Print
Email
Save
Development of III-V diode lasers based on GaSb and related compounds promises new mid-infrared sources at 2 to 4.2 µm for applications including gas sensing, medicine, and infrared countermeasures.
JEFF HECHT
Antimonide lasers may seem the poor relation of the III-V semiconductor diode-laser family. With smaller bandgaps than nitrides, phosphides, or arsenides, antimonides occupy the unfashionable part of the infrared spectrum beyond the 1650 nm end of the fiber-optic communications band. However, fashion is changing, and growing interest in compact room-temperature semiconductor lasers emitting in the mid-infrared (IR) have put antimonide lasers in the spotlight.
III-V antimonide lasers emitting at 1940 nm already are welding transparent plastics, and developers are considering other applications for antimonide diode lasers ranging from molecular sensing to IR countermeasures. They fill a troublesome gap in the diode-laser spectrum between the 1.7-µm-long end of the indium phosphide spectrum and the short-wavelength end of the quantum-cascade laser range at about 4.2 µm. In this range, says Gregory Belenky of the State University of New York at Stony Brook (Stony Brook, NY), "antimonides are the only materials that can provide desirable light sources."
Basics of antimonides
Gallium antimonide, the usual substrate for antimonide lasers, has a lattice constant of 0.61 nm, larger than the analogous gallium arsenide (GaAs) and indium phosphide (InP), and its bandgap energy is 0.726 eV, corresponding to a wavelength of 1.7 µm (see Fig. 1). Two other III-V binary compounds have similar lattice constants, aluminum antimonide (AlSb) at 0.614 nm and indium arsenide (InAs) at 0.606 nm, and in practice all three are called "antimonides" because they are similar to GaSb (gallium antimonide), despite the fact that InAs doesn't contain any antimony. Binary, ternary, quaternary, and quintary compounds are used that contain Al, Ga, In, As, Sb, and P.
FIGURE 1. Lattice constant and bandgap energy of III-V semiconductors. GaSb, with 0.61-nm lattice spacing, is the usual substrate for antimonides; when alloyed with InAs or other III-V materials its bandgap can span from 1.7 to about 5 µm, although laser emission is not possible across the whole range. (Adapted from illustration by Jerry Meyer, NRL)
Gallium antimonide got off to an early start as a light emitter when Rubin Braunstein of RCA Laboratories (Princeton, NJ) used it in one of the three initial types of III-V light-emitting diodes he made in 1955; the others were GaAs and InP.1 However, GaSb lagged behind because early developers focused on the shorter wavelengths.
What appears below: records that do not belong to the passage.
lemma integral_weight_covK_lborel:
  fixes p g h :: "real \<Rightarrow> real" and a b :: ereal
  defines "\<rho> \<equiv> \<lambda>x. if x \<in> supp p then g x / p x else 0"
  assumes p0: "\<And>x. 0 \<le> p x" and p: "integrable lborel p" "(\<integral>x. p x \<partial>lborel) = 1"
    and S: "supp p = {x. a < ereal x \<and> ereal x < b}"
    and deriv_p: "has_weak_deriv_on p g UNIV"
    and g: "set_integrable lborel (supp p) g" "(LINT x:supp p|lborel. g x) = 0"
    and deriv_\<rho>: "has_weak_deriv_on \<rho> h (supp p)"
    and h: "set_integrable lborel (supp p) h"
    and c: "c \<in> supp p"
  shows "integrable lborel (\<lambda>x. indicator (supp p) x * - h x * covK lborel p 0 x c)"
    and "(\<integral>x. indicator (supp p) x * - h x * covK lborel p 0 x c \<partial>lborel) = p c"
proof -
  let ?S = "supp p"
  have p\<rho>: "p t * \<rho> t = indicator ?S t * g t" for t
    unfolding \<rho>_def by (rule mult_supp_ratio[OF p0])
  have D_int: "integrable lborel (\<lambda>t. indicator ?S t * g t)"
    and D_zero: "(\<integral>t. indicator ?S t * g t \<partial>lborel) = 0"
    using g by (simp_all add: set_integrable_def set_lebesgue_integral_def)
  have W_int: "integrable lborel (\<lambda>x. indicator ?S x * - h x)"
    using h by (simp add: set_integrable_def)
  have pS: "p t \<noteq> 0 \<Longrightarrow> t \<in> ?S" for t
    using eq_0_if_not_in_supp[of p, OF p0] by blast
  have convex: "order_convex ?S"
    unfolding S by (rule order_convex_real_ereal_interval)
  note deriv_neg = has_weak_deriv_on_uminus[OF deriv_\<rho>]
  have below: "(\<integral>x. (if x \<le> c \<and> t \<le> x - 0 then indicator ?S x * - h x else 0) \<partial>lborel)
      = \<rho> t - \<rho> c" if "p t \<noteq> 0" "t \<le> c - 0" for t
  proof -
    have "(\<integral>x. (if x \<le> c \<and> t \<le> x - 0 then indicator ?S x * - h x else 0) \<partial>lborel) = - \<rho> c - - \<rho> t"
      by (rule integral_restricted_weak_deriv[OF deriv_neg pS[OF that(1)] c])
        (use that order_convexD[OF convex pS[OF that(1)] c] in auto)
    then show ?thesis
      by simp
  qed
  have above: "(\<integral>x. (if c < x \<and> \<not> t \<le> x - 0 then indicator ?S x * - h x else 0) \<partial>lborel)
      = \<rho> c - \<rho> t" if "p t \<noteq> 0" "\<not> t \<le> c - 0" for t
  proof -
    have "(\<integral>x. (if c < x \<and> \<not> t \<le> x - 0 then indicator ?S x * - h x else 0) \<partial>lborel) = - \<rho> t - - \<rho> c"
      by (rule integral_restricted_weak_deriv[OF deriv_neg c pS[OF that(1)]])
        (use that order_convexD[OF convex c pS[OF that(1)]] in auto)
    then show ?thesis
      by simp
  qed
  have "(\<integral>t. chi 0 t c * (p t * \<rho> t) \<partial>lborel)
      = (\<integral>t. (if t \<le> c then indicator ?S t * g t else 0) \<partial>lborel)"
    by (rule Bochner_Integration.integral_cong) (simp_all add: chi_def p\<rho>)
  also have "\<dots> = p c"
    by (rule integral_weak_deriv_supp_atMost[OF p0 p(1) deriv_p S g(1) c])
  finally have boundary: "(\<integral>t. chi 0 t c * (p t * \<rho> t) \<partial>lborel) = p c" .
  have pair: "Measurable.pred (lborel \<Otimes>\<^sub>M lborel) (\<lambda>z::real \<times> real. snd z \<le> fst z - 0)"
    by measurable
  note weighted = integral_weight_mult_covK[where a=0 and r="\<rho> c",
      OF sigma_finite_lborel _ pair p W_int _ _ below above]
  show "integrable lborel (\<lambda>x. indicator ?S x * - h x * covK lborel p 0 x c)"
    using weighted(1) D_int D_zero by (simp add: p\<rho>)
  show "(\<integral>x. indicator ?S x * - h x * covK lborel p 0 x c \<partial>lborel) = p c"
    using weighted(2) D_int D_zero boundary by (simp add: p\<rho>)
qed
(* Let $K$ be a clique simplicial complex, $X\cup Y=K_0$ a cover of its vertex set, $A:=X\cap Y$, and $P:=\{\sigma\in K\mid\sigma\subset X\text{ or }\sigma\subset Y\text{ or }\sigma\cap A\neq\emptyset\}$. Assume there are two elements $a_X,a_Y\in A$ such that: (i) for every edge $\tau\in K_1$ with $|\tau\cap A|=1$ and $|\tau\cap(X\setminus A)|=1$, the set $\tau\cup\{a_X\}$ is a simplex of $K$; (ii) for every edge $\tau\in K_1$ with $|\tau\cap A|=1$ and $|\tau\cap(Y\setminus A)|=1$, the set $\tau\cup\{a_Y\}$ is a simplex of $K$; (iii) for every edge $\tau\in K_1\setminus P$, the set $\tau\cup\{a_X,a_Y\}$ is a simplex of $K$. Then for every $\sigma\in K\setminus P$, the set $\{a_X,a_Y\}$ is a central simplex of $\mathrm{St}(\sigma,A)$, and the inclusion $K_X\cup K_Y\subset K$ is a weak equivalence.
   Context: A simplicial complex is a collection of finite nonempty subsets of a fixed set closed under taking nonempty subsets; $K_0$ is its vertex set, $K_1$ its set of edges, $K_B$ the subcomplex of simplices contained in $B$. $K$ is clique if a set with at least two elements is a simplex iff all its two-element subsets are simplices. $\mathrm{St}(\sigma,A):=\{\mu\subset A\mid 0<|\mu|<\infty,\ \mu\cup\sigma\in K\}$. A simplex $\tau$ of a complex $L$ is central if $\sigma\cup\tau\in L$ for every simplex $\sigma$ of $L$. Homotopical notions refer to geometric realizations. *)

theory Defs
  imports "HOL-Analysis.Analysis"
begin

definition simplicial_complex :: "'a set set \<Rightarrow> bool" where
  "simplicial_complex K \<longleftrightarrow>
     (\<forall>\<sigma>\<in>K. finite \<sigma> \<and> \<sigma> \<noteq> {}) \<and>
     (\<forall>\<sigma>\<in>K. \<forall>\<tau>. \<tau> \<subseteq> \<sigma> \<and> \<tau> \<noteq> {} \<longrightarrow> \<tau> \<in> K)"

definition vertices :: "'a set set \<Rightarrow> 'a set" where
  "vertices K = {v. {v} \<in> K}"

definition edges :: "'a set set \<Rightarrow> 'a set set" where
  "edges K = {\<sigma>\<in>K. card \<sigma> = 2}"

definition full_sub :: "'a set set \<Rightarrow> 'a set \<Rightarrow> 'a set set" where
  "full_sub K B = {\<sigma>\<in>K. \<sigma> \<subseteq> B}"

definition clique_complex :: "'a set set \<Rightarrow> bool" where
  "clique_complex K \<longleftrightarrow>
     (\<forall>\<sigma>. finite \<sigma> \<and> 2 \<le> card \<sigma> \<longrightarrow>
        (\<sigma> \<in> K \<longleftrightarrow> (\<forall>e. e \<subseteq> \<sigma> \<and> card e = 2 \<longrightarrow> e \<in> K)))"

definition St :: "'a set set \<Rightarrow> 'a set \<Rightarrow> 'a set \<Rightarrow> 'a set set" where
  "St K \<sigma> A = {\<mu>. \<mu> \<subseteq> A \<and> finite \<mu> \<and> \<mu> \<noteq> {} \<and> \<mu> \<union> \<sigma> \<in> K}"

definition central_simplex :: "'a set set \<Rightarrow> 'a set \<Rightarrow> bool" where
  "central_simplex L \<tau> \<longleftrightarrow> \<tau> \<in> L \<and> (\<forall>\<sigma>\<in>L. \<sigma> \<union> \<tau> \<in> L)"

text \<open>Points: finitely supported barycentric coordinate functions whose support is a simplex.\<close>
definition realization_carrier :: "'a set set \<Rightarrow> ('a \<Rightarrow> real) set" where
  "realization_carrier K =
     {f. {v. f v \<noteq> 0} \<in> K \<and> (\<forall>v. 0 \<le> f v) \<and> sum f {v. f v \<noteq> 0} = 1}"

definition closed_simplex :: "'a set \<Rightarrow> ('a \<Rightarrow> real) set" where
  "closed_simplex \<sigma> = {f. (\<forall>v. 0 \<le> f v) \<and> (\<forall>v. v \<notin> \<sigma> \<longrightarrow> f v = 0) \<and> sum f \<sigma> = 1}"

definition geometric_realization :: "'a set set \<Rightarrow> ('a \<Rightarrow> real) topology" where
  "geometric_realization K = topology (\<lambda>U. U \<subseteq> realization_carrier K \<and>
      (\<forall>\<sigma>\<in>K. openin (subtopology (powertop_real UNIV) (closed_simplex \<sigma>))
                    (U \<inter> closed_simplex \<sigma>)))"

definition sphere_base :: "nat \<Rightarrow> real" where
  "sphere_base = (\<lambda>i. if i = 0 then 1 else 0)"

text \<open>f induces a bijection on path components and, for every base point x and n \<ge> 1,
a bijection pi_n(X,x) \<rightarrow> pi_n(Y,f x) (pointed homotopy classes of maps from the n-sphere).\<close>
definition weak_homotopy_equivalence ::
    "'a topology \<Rightarrow> 'b topology \<Rightarrow> ('a \<Rightarrow> 'b) \<Rightarrow> bool" where
  "weak_homotopy_equivalence X Y f \<longleftrightarrow>
     continuous_map X Y f \<and>
     (\<forall>y\<in>topspace Y. \<exists>x\<in>topspace X. path_component_of Y (f x) y) \<and>
     (\<forall>x1\<in>topspace X. \<forall>x2\<in>topspace X.
         path_component_of Y (f x1) (f x2) \<longrightarrow> path_component_of X x1 x2) \<and>
     (\<forall>n\<ge>1. \<forall>x\<in>topspace X.
        (\<forall>g. continuous_map (nsphere n) Y g \<and> g sphere_base = f x \<longrightarrow>
           (\<exists>h. continuous_map (nsphere n) X h \<and> h sphere_base = x \<and>
                homotopic_with (\<lambda>k. k sphere_base = f x) (nsphere n) Y (f \<circ> h) g)) \<and>
        (\<forall>h1 h2. continuous_map (nsphere n) X h1 \<and> h1 sphere_base = x \<and>
                 continuous_map (nsphere n) X h2 \<and> h2 sphere_base = x \<and>
                 homotopic_with (\<lambda>k. k sphere_base = f x) (nsphere n) Y (f \<circ> h1) (f \<circ> h2)
                 \<longrightarrow> homotopic_with (\<lambda>k. k sphere_base = x) (nsphere n) X h1 h2))"

end

theory Submission
  imports Defs
begin

text \<open>
  A point f of the realization of K is a barycentric coordinate function. Let m be the
  smaller of the masses that f puts on X - Y and on Y - X. Moving mass m proportionally
  from X - Y onto aX and from Y - X onto aY empties one of the two sides, so the result
  lies in the realization of the full subcomplexes on X and Y. It is still a point of the
  realization of K: when m > 0 the support of f meets both X - Y and Y - X, and the clique
  condition together with (i)-(iii) shows that such a simplex spans a simplex with aX and aY
  (the same fact makes {aX, aY} central in St(sigma, A)). The straight-line homotopy from f
  to its image is a deformation retraction that fixes the subcomplex pointwise, so the
  inclusion is a weak homotopy equivalence.
\<close>

section \<open>Simplicial and clique complexes\<close>

lemma simplicial_complex_subset:
  "simplicial_complex K \<Longrightarrow> \<sigma> \<in> K \<Longrightarrow> \<tau> \<subseteq> \<sigma> \<Longrightarrow> \<tau> \<noteq> {} \<Longrightarrow> \<tau> \<in> K"
  unfolding simplicial_complex_def by blast

lemma simplicial_complex_finite: "simplicial_complex K \<Longrightarrow> \<sigma> \<in> K \<Longrightarrow> finite \<sigma>"
  unfolding simplicial_complex_def by blast

lemma simplex_subset_vertices: "simplicial_complex K \<Longrightarrow> \<sigma> \<in> K \<Longrightarrow> \<sigma> \<subseteq> vertices K"
  using simplicial_complex_subset[of K \<sigma> "{_}"] unfolding vertices_def by blast

lemma simplicial_complex_full_sub:
  "simplicial_complex K \<Longrightarrow> simplicial_complex (full_sub K B)"
  unfolding simplicial_complex_def full_sub_def
  by (metis (no_types, lifting) mem_Collect_eq subset_trans)

lemma simplicial_complex_Un:
  "simplicial_complex K \<Longrightarrow> simplicial_complex L \<Longrightarrow> simplicial_complex (K \<union> L)"
  unfolding simplicial_complex_def by (metis Un_iff)

lemma clique_complex_memI:
  assumes K: "simplicial_complex K" and cl: "clique_complex K"
    and "finite \<rho>" "\<rho> \<noteq> {}" and pairs: "\<And>u w. u \<in> \<rho> \<Longrightarrow> w \<in> \<rho> \<Longrightarrow> {u, w} \<in> K"
  shows "\<rho> \<in> K"
proof (cases "2 \<le> card \<rho>")
  case True
  have "e \<in> K" if "e \<subseteq> \<rho>" "card e = 2" for e
    using that pairs by (metis card_2_iff insert_subset)
  then show ?thesis
    using cl True \<open>finite \<rho>\<close> unfolding clique_complex_def by blast
next
  case False
  moreover have "0 < card \<rho>"
    using \<open>finite \<rho>\<close> \<open>\<rho> \<noteq> {}\<close> card_gt_0_iff by blast
  ultimately have "card \<rho> = 1"
    by linarith
  then obtain u where "\<rho> = {u}"
    by (rule card_1_singletonE)
  then show ?thesis
    using pairs[of u u] by simp
qed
Russian researchers first reported room-temperature lasing from double heterostructure AlGaAsSb/GaSb lasers in 1976, and by 1981 had demonstrated laser operation between 1.55 and 1.8 µm, with lowest threshold current of 1.5 to 2.5 kA/cm2 at 1.7 to 1.8 µm.2 However, it soon became clear that InP-based lasers were better for the low-loss window of optical fibers, and the fiber-optic stampede bypassed antimonide lasers.
A few developers continued with antimonide lasers, but they needed innovations to reach longer infrared wavelengths. Double-heterostructure lasers sufficed to reach CW room-temperature operation at 2.2 µm in the early 1990s, and switching to conventional quantum-well lasers boosted performance.3 However, formidable technical obstacles loomed at longer wavelengths. As the bandgap of a semiconductor decreases, Auger decay can drain away an increasing fraction of the excitation energy before it can be channeled into photon emission. Free-carrier absorption losses also increase with wavelength.
Commercial and research lasers
Diode lasers at the short end of the GaSb spectrum are offered commercially. M2K-Laser (Freiburg, Germany) now makes them at wavelengths from 1.87 to 2.2 µm. Output power can reach 1 W from a single laser and 10 W in a 1 cm bar. Dilas (Mainz-Hechtsheim, Germany) uses GaSb in laser welders that weld transparent plastics by focusing 1940 nm light that's absorbed strongly by C-H bonds in the polymer.
Meanwhile, developers have steadily increased power and pushed room-temperature emission to longer wavelengths (see Fig. 2). The plots of output power as a function of drive current for lasers represent a decade of progress by Belenky's group at the State University of New York in Stony Brook. All were quantum-well antimonide lasers with electrons and holes confined in the same layer, called Type 1 lasers. In 1999, they had not yet produced CW room-temperature output at 2.7 µm. By 2004, they had reached that goal and were trying to make 2.9 µm antimonide lasers emit CW at room temperature. Now the group is pushing for CW operation of 3.5 µm diodes at room temperature. Belenky says he's not there yet, but that he sees no fundamental limitation that could stop him.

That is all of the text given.